Great credit is key to getting good loans. In this market where lending is tight and money isn’t freely flowing, the only way to get someone to lend you money is with good credit. Here are a few ways to achieve this.
Believe it or not, credit monitoring services are actually a good way to make sure your credit stays high. There is usually a charge for it, but these companies will check your credit, and if it changes, send you an email about it so you can deal with it if it’s not an authorized use.
Every year, you can get one credit report from each agency (there are three total). If you spread it out and get one from each company every couple of months, you can theoretically keep track of your scores and stay on top of it without much time in between.
You need to make sure you don’t use up all your credit all the time. This is because part of your credit score is dependent on your utilization rate, a measure of how much credit you have available versus how much you use.
When companies pull your credit report, that activity is recorded and affects your credit score. Therefore, it is advised not to apply for any other type of credit before you make a big loan. Especially many credit card applications in a short period of time. That’s a huge red flag for credit companies. Don’t do it.

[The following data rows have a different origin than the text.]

(* Let $q$ be an odd prime power, $n\ge 2$, and if $n=2$ assume $q\equiv 1\pmod 4$. Let $M=(m_{ij})$ be an $n\times n$ matrix with entries in $\mathbb{F}_q$ such that $m_{ij}+m_{ji}=0$ for all $i\neq j$, $m_{11}\neq m_{22}$, and $m_{ii}=m_{22}$ for all $i>2$. Then $\sharp(\mathrm{Num}_0(M)_q)=(q+1)/2$ and $\mathrm{Num}_0(M)_q\setminus\{0\}$ is the set of all $a\in\mathbb{F}_q^*$ such that $-a/(m_{22}-m_{11})$ is a square in $\mathbb{F}_q$. Moreover $0\in\mathrm{Num}'_0(M)_q$ if and only if either $n\ge 4$, or $n=3$ and $q\equiv 1\pmod 4$.
   Context: The Hermitian form is $\langle u,v\rangle=\sum_i u_i^qv_i$; for $u=(x_1,\dots,x_n)\in\mathbb{F}_q^n$ and $M=(m_{ij})$ over $\mathbb{F}_q$, $\langle u,u\rangle=\sum x_i^2$ and $\langle u,Mu\rangle=\sum_{i,j}m_{ij}x_ix_j$. $\mathrm{Num}_0(M)_q=\{\langle u,Mu\rangle: u\in\mathbb{F}_q^n,\ \langle u,u\rangle=0\}$ and $\mathrm{Num}'_0(M)_q=\{\langle u,Mu\rangle: u\in\mathbb{F}_q^n\setminus\{0\},\ \langle u,u\rangle=0\}$. *)

theory Defs
  imports Main "HOL-Library.Cardinality"
begin

text \<open>F_q is a finite field type 'a (q = CARD('a)). Vectors of F_q^n are functions
  nat => 'a vanishing outside {0..<n} (index i of the paper is i-1 here);
  n x n matrices are functions nat => nat => 'a, only entries with indices < n matter.\<close>

definition vecs :: "nat \<Rightarrow> (nat \<Rightarrow> 'a::zero) set" where
  "vecs n = {u. \<forall>i\<ge>n. u i = 0}"

definition herm :: "nat \<Rightarrow> (nat \<Rightarrow> 'a::{field,finite}) \<Rightarrow> (nat \<Rightarrow> 'a) \<Rightarrow> 'a" where
  "herm n u v = (\<Sum>i<n. u i ^ CARD('a) * v i)"

definition mat_vec :: "nat \<Rightarrow> (nat \<Rightarrow> nat \<Rightarrow> 'a::{field,finite}) \<Rightarrow> (nat \<Rightarrow> 'a) \<Rightarrow> (nat \<Rightarrow> 'a)" where
  "mat_vec n M u = (\<lambda>i. if i < n then (\<Sum>j<n. M i j * u j) else 0)"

Don’t let any credit card be inactive because credit card companies are starting to cancel them now. If your card is canceled, the utilization rate will automatically go down because your available credit will go down. Therefore, you should use your cards every once in a while even if you don’t need it.
Having more than one credit card will actually help your credit. Lenders will sometimes look at your credit report and deny you because you don’t have enough different forms of borrowing. They see a lack of information as a negative so even though you may have a ton of cash somewhere to pay off any loan, the absence of proof is a big drawback.
Having multiple types of debt (car, mortgage, credit card, student loans) among others is good because it shows that you are able to handle bills that come due every month. It also works the same as having multiple credit cards.